Luis Felipe Dias Colares (born 31 March 1994) is a Brazilian mixed martial artist in the Bantamweight division. A professional since 2013, he most notably competed for the Ultimate Fighting Championship (UFC).

Background
Growing up in Macapa, Amapa, Colares started training judo at the age of seven, picking up Brazilian jiu-jitsu, Taekwondo and Muay Thai at 15.

Mixed martial arts career

Early career
Colares compiled an undefeated MMA record of 8–0 fighting within the Brazilian regional MMA circuit culminating with his win of the Jungle Fight featherweight title before signing for UFC in January 2019.
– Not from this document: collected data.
lemma great_circle_is_geodesic:
  fixes P W :: "real^3"
  assumes \<kappa>: "\<kappa> > 0" and PW: "P \<bullet> P = 1" "W \<bullet> W = 1" "P \<bullet> W = 0"
    and \<theta>: "0 \<le> \<theta>" "\<theta> \<le> pi"
  shows "rho \<kappa> P (cos \<theta> *\<^sub>R P + sin \<theta> *\<^sub>R W) = \<theta> / sqrt \<kappa>"
    and "is_geodesic (rho \<kappa>) S2 (\<lambda>t. cos (sqrt \<kappa> * t) *\<^sub>R P + sin (sqrt \<kappa> * t) *\<^sub>R W)
           P (cos \<theta> *\<^sub>R P + sin \<theta> *\<^sub>R W)"
proof -
  define g where "g = (\<lambda>t. cos (sqrt \<kappa> * t) *\<^sub>R P + sin (sqrt \<kappa> * t) *\<^sub>R W)"
  have s: "sqrt \<kappa> > 0" using \<kappa> by simp
  have g_inner: "g a \<bullet> g b = cos (sqrt \<kappa> * a - sqrt \<kappa> * b)" for a b
    unfolding g_def by (rule inner_great_circle[OF PW])
  have "P \<bullet> (cos \<theta> *\<^sub>R P + sin \<theta> *\<^sub>R W) = cos (0 - \<theta>)"
    using inner_great_circle[OF PW, of 0 \<theta>] by simp
  then show rho_end: "rho \<kappa> P (cos \<theta> *\<^sub>R P + sin \<theta> *\<^sub>R W) = \<theta> / sqrt \<kappa>"
    unfolding rho_def using \<theta> by (simp add: arccos_cos)
  have "g 0 = P" "g (\<theta> / sqrt \<kappa>) = cos \<theta> *\<^sub>R P + sin \<theta> *\<^sub>R W"
    unfolding g_def using s by simp_all
  moreover have "g t \<in> S2" for t
    using g_inner[of t t] unfolding S2_def by (simp add: norm_eq_1)
  moreover have "rho \<kappa> (g a) (g b) = \<bar>a - b\<bar>"
    if "a \<in> {0..\<theta>/sqrt \<kappa>}" "b \<in> {0..\<theta>/sqrt \<kappa>}" for a b
  proof -
    have "\<bar>a - b\<bar> \<le> \<theta> / sqrt \<kappa>" using that by auto
    then have "sqrt \<kappa> * \<bar>a - b\<bar> \<le> \<theta>" using s by (simp add: field_simps)
    then have "\<bar>sqrt \<kappa> * a - sqrt \<kappa> * b\<bar> \<le> pi" using \<theta> s
      by (simp add: abs_mult right_diff_distrib[symmetric])
    then show ?thesis
      unfolding rho_def g_inner using s
      by (simp add: arccos_cos_eq_abs right_diff_distrib[symmetric] abs_mult)
  qed
  ultimately show "is_geodesic (rho \<kappa>) S2 g P (cos \<theta> *\<^sub>R P + sin \<theta> *\<^sub>R W)"
    unfolding is_geodesic_def rho_end by auto
qed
Ultimate Fighting Championship
Colares made his UFC debut at lightweight against Geraldo de Freitas on 2 February 2019 at UFC Fight Night: Assunção vs. Moraes 2. He lost the fight via unanimous decision.

Colares then returned to bantamweight and faced Domingo Pilarte on 20 July 2019 at UFC on ESPN: dos Anjos vs. Edwards. He won the fight via split decision.

Colares then faced Montel Jackson on 25 January 2020 at UFC Fight Night: Blaydes vs. dos Santos. He lost the fight via unanimous decision.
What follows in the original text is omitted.